Repeat only the stretch of lines below that runs from the line with "(pgraph \<times> nat" through the line with "nat \<Rightarrow> nat", unaltered.

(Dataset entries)
┄┄┄┄┄┄┄┄┄┄
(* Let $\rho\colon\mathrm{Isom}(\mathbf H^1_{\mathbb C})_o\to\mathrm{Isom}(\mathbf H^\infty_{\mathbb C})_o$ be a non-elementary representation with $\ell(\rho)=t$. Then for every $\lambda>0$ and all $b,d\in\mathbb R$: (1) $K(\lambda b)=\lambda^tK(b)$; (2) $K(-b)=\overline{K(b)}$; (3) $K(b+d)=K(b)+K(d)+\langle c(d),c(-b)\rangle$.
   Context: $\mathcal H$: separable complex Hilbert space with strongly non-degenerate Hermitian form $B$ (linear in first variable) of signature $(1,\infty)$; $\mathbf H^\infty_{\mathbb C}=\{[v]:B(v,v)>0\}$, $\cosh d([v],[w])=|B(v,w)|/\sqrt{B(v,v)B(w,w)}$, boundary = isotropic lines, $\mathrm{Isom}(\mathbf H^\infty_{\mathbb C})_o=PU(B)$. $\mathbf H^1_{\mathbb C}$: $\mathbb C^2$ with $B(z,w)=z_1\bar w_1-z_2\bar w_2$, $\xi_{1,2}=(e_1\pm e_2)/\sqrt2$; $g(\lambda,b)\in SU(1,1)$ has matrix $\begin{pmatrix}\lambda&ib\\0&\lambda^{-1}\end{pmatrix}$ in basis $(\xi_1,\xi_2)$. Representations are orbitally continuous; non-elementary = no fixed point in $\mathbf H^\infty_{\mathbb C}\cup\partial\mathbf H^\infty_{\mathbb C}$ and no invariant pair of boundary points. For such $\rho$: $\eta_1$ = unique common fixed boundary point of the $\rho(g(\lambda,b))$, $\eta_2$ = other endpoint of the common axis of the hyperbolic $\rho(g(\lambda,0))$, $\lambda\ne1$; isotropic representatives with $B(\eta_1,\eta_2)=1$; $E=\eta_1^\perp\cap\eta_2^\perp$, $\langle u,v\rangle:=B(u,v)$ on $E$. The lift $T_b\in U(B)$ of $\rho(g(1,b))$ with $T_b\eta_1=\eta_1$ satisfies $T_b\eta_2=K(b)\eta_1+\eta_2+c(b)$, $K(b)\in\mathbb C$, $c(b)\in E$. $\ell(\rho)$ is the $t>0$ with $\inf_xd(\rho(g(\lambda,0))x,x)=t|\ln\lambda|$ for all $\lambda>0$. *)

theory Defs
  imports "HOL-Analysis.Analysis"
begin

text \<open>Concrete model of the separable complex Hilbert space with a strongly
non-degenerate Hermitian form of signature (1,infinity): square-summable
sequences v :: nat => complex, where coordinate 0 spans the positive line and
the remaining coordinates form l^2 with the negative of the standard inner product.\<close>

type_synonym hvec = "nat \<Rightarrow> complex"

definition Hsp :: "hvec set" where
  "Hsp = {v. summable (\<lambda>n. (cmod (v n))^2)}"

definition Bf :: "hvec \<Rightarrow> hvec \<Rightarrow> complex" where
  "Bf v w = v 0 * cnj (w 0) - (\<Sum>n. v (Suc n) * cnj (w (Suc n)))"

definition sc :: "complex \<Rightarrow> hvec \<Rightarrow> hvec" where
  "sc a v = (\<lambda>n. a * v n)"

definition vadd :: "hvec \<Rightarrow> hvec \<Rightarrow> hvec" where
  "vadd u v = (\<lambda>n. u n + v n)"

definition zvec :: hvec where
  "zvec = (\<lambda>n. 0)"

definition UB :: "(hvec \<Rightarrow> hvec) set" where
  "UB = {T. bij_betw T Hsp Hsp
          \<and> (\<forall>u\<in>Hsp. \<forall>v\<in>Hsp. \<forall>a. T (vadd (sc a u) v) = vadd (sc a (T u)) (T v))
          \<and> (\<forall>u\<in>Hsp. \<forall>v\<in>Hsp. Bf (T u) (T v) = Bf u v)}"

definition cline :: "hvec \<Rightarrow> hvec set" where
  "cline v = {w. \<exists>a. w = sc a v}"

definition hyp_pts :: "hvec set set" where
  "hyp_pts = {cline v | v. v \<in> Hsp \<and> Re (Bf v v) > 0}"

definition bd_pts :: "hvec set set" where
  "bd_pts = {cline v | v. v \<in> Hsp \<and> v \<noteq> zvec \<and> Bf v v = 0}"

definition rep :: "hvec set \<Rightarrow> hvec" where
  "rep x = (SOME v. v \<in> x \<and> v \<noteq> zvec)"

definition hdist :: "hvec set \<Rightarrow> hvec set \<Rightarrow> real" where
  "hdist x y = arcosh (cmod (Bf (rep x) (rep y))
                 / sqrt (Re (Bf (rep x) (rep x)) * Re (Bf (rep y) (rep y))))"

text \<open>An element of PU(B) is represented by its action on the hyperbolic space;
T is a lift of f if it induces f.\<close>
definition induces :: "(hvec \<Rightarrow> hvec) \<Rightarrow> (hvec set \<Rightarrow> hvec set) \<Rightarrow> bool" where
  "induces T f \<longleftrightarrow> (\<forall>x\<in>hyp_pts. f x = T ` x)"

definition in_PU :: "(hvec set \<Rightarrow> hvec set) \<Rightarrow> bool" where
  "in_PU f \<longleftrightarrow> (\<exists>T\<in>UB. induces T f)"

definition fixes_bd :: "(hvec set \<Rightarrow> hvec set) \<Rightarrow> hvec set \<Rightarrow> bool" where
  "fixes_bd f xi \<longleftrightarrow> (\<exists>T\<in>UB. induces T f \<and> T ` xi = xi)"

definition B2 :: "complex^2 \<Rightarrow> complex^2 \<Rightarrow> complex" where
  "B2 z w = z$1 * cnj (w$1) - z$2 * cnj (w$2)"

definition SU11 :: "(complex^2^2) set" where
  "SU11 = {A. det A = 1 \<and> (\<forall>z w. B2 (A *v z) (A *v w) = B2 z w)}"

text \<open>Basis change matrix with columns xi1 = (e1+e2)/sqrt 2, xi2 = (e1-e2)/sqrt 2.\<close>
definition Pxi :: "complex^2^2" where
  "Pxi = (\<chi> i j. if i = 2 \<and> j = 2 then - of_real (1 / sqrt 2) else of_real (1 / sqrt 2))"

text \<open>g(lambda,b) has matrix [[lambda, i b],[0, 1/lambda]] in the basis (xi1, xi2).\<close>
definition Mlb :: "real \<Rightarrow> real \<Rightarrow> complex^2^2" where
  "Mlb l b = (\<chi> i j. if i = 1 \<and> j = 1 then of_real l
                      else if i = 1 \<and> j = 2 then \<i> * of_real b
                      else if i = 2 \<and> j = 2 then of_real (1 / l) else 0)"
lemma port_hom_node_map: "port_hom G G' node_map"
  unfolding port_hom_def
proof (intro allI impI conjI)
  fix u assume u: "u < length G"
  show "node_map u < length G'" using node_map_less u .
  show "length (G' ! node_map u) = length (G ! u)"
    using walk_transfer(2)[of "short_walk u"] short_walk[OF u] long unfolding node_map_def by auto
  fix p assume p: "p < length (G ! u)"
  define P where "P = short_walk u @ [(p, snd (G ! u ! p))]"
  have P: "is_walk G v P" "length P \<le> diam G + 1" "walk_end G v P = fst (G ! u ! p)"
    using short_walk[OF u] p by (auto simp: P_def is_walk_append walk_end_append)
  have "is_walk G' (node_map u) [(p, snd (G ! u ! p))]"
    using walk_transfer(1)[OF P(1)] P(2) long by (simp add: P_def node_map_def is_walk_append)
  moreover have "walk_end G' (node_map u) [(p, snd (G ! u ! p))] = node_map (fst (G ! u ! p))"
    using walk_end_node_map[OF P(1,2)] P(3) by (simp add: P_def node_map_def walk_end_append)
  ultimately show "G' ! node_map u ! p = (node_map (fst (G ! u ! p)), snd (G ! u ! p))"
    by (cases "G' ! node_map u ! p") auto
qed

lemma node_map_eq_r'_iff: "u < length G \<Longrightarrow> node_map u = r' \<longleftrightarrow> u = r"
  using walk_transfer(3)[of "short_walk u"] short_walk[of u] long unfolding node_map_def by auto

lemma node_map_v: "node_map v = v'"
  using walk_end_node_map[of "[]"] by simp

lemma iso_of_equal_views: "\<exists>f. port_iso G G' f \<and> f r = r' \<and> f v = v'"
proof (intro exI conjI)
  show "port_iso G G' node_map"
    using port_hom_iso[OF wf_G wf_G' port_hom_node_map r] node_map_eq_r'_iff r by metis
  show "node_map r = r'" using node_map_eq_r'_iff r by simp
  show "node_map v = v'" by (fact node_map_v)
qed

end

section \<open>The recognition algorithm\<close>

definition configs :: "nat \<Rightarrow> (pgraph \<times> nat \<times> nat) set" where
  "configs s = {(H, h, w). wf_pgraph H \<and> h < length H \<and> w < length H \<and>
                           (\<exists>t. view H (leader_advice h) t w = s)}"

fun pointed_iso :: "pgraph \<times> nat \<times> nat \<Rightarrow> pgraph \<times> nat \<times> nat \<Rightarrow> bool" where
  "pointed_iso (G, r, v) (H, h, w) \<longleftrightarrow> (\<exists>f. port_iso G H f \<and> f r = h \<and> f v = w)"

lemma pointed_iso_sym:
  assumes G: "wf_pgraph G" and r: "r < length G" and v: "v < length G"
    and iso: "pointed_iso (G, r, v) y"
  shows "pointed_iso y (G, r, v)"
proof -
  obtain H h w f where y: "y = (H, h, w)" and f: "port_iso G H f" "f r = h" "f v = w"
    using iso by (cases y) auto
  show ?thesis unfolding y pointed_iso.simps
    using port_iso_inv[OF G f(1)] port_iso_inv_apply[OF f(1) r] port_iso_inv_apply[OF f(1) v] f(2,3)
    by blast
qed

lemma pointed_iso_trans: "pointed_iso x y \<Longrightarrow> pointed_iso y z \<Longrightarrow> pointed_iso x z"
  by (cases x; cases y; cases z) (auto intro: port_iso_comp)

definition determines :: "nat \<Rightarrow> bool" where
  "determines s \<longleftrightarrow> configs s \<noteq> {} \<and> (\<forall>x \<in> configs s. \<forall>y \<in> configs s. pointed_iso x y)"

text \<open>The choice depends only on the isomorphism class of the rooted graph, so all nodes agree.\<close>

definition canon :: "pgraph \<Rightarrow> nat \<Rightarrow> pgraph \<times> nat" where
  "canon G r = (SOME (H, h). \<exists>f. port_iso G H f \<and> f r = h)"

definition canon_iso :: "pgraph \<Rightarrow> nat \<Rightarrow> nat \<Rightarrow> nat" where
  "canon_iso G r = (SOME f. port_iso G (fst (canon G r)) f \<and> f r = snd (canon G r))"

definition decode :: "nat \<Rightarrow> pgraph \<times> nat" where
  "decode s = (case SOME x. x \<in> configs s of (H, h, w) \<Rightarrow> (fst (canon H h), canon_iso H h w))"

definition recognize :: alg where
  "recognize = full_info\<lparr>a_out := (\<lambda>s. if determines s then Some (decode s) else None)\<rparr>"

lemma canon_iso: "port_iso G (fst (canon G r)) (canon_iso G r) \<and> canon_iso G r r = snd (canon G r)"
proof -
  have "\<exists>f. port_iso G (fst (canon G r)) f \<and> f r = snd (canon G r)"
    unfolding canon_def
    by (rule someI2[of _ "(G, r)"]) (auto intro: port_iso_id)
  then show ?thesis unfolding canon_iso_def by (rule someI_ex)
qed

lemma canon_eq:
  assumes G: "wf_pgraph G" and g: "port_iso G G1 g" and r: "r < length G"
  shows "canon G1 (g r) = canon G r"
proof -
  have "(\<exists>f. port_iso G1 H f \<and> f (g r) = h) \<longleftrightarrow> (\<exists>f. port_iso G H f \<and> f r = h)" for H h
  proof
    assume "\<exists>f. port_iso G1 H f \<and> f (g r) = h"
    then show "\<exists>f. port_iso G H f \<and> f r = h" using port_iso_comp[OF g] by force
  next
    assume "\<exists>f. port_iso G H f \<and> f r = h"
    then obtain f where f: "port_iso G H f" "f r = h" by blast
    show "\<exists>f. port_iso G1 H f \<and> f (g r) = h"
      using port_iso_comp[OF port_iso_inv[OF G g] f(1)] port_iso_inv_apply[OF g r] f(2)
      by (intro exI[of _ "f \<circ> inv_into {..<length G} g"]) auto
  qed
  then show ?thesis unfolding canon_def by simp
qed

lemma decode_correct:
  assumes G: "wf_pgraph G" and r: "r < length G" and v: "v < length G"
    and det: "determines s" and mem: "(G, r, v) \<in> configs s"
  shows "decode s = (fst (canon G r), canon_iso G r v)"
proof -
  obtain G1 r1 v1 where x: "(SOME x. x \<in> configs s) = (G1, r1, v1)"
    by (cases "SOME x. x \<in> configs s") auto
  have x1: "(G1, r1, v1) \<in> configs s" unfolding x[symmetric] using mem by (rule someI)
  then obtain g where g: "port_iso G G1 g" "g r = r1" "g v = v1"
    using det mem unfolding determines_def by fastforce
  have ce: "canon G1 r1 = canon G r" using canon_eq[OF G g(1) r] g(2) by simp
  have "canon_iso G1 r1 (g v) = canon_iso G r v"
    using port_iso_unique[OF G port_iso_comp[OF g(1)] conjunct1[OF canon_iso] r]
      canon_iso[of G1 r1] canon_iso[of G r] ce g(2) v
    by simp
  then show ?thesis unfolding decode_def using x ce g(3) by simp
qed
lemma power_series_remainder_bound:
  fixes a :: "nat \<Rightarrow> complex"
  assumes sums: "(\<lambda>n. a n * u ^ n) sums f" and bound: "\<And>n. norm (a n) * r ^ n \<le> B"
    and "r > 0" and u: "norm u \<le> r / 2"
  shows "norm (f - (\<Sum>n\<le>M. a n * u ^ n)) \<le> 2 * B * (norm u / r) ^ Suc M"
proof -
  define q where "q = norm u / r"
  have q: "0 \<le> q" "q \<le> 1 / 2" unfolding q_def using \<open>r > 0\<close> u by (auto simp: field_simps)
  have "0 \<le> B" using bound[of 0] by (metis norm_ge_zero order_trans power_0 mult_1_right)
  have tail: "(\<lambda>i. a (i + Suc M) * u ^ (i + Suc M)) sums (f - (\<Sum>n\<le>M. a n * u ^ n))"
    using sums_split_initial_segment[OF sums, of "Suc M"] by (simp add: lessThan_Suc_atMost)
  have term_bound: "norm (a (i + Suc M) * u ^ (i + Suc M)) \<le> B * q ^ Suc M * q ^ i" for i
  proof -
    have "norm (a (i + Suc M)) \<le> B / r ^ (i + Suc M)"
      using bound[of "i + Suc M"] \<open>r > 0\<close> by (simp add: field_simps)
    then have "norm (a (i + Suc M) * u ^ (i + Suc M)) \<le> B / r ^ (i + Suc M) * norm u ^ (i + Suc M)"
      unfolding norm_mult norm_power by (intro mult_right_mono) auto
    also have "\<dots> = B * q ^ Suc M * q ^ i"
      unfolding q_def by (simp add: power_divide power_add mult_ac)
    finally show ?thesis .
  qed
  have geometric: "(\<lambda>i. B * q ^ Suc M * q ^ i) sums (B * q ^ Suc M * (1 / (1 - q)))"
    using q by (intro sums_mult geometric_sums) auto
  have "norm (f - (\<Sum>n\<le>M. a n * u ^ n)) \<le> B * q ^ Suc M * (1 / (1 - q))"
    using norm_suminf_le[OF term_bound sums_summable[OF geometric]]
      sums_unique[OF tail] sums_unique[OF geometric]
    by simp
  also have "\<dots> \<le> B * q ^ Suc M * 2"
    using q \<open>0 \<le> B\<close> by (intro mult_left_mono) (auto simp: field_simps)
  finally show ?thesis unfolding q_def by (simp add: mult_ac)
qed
┄┄┄┄┄┄┄┄┄┄
Problem solution ::
definition configs :: "nat \<Rightarrow> (pgraph \<times> nat \<times> nat) set" where
  "configs s = {(H, h, w). wf_pgraph H \<and> h < length H \<and> w < length H \<and>
                           (\<exists>t. view H (leader_advice h) t w = s)}"

fun pointed_iso :: "pgraph \<times> nat \<times> nat \<Rightarrow> pgraph \<times> nat \<times> nat \<Rightarrow> bool" where
  "pointed_iso (G, r, v) (H, h, w) \<longleftrightarrow> (\<exists>f. port_iso G H f \<and> f r = h \<and> f v = w)"

lemma pointed_iso_sym:
  assumes G: "wf_pgraph G" and r: "r < length G" and v: "v < length G"
    and iso: "pointed_iso (G, r, v) y"
  shows "pointed_iso y (G, r, v)"
proof -
  obtain H h w f where y: "y = (H, h, w)" and f: "port_iso G H f" "f r = h" "f v = w"
    using iso by (cases y) auto
  show ?thesis unfolding y pointed_iso.simps
    using port_iso_inv[OF G f(1)] port_iso_inv_apply[OF f(1) r] port_iso_inv_apply[OF f(1) v] f(2,3)
    by blast
qed

lemma pointed_iso_trans: "pointed_iso x y \<Longrightarrow> pointed_iso y z \<Longrightarrow> pointed_iso x z"
  by (cases x; cases y; cases z) (auto intro: port_iso_comp)

definition determines :: "nat \<Rightarrow> bool" where
  "determines s \<longleftrightarrow> configs s \<noteq> {} \<and> (\<forall>x \<in> configs s. \<forall>y \<in> configs s. pointed_iso x y)"

text \<open>The choice depends only on the isomorphism class of the rooted graph, so all nodes agree.\<close>

definition canon :: "pgraph \<Rightarrow> nat \<Rightarrow> pgraph \<times> nat" where
  "canon G r = (SOME (H, h). \<exists>f. port_iso G H f \<and> f r = h)"

definition canon_iso :: "pgraph \<Rightarrow> nat \<Rightarrow> nat \<Rightarrow> nat" where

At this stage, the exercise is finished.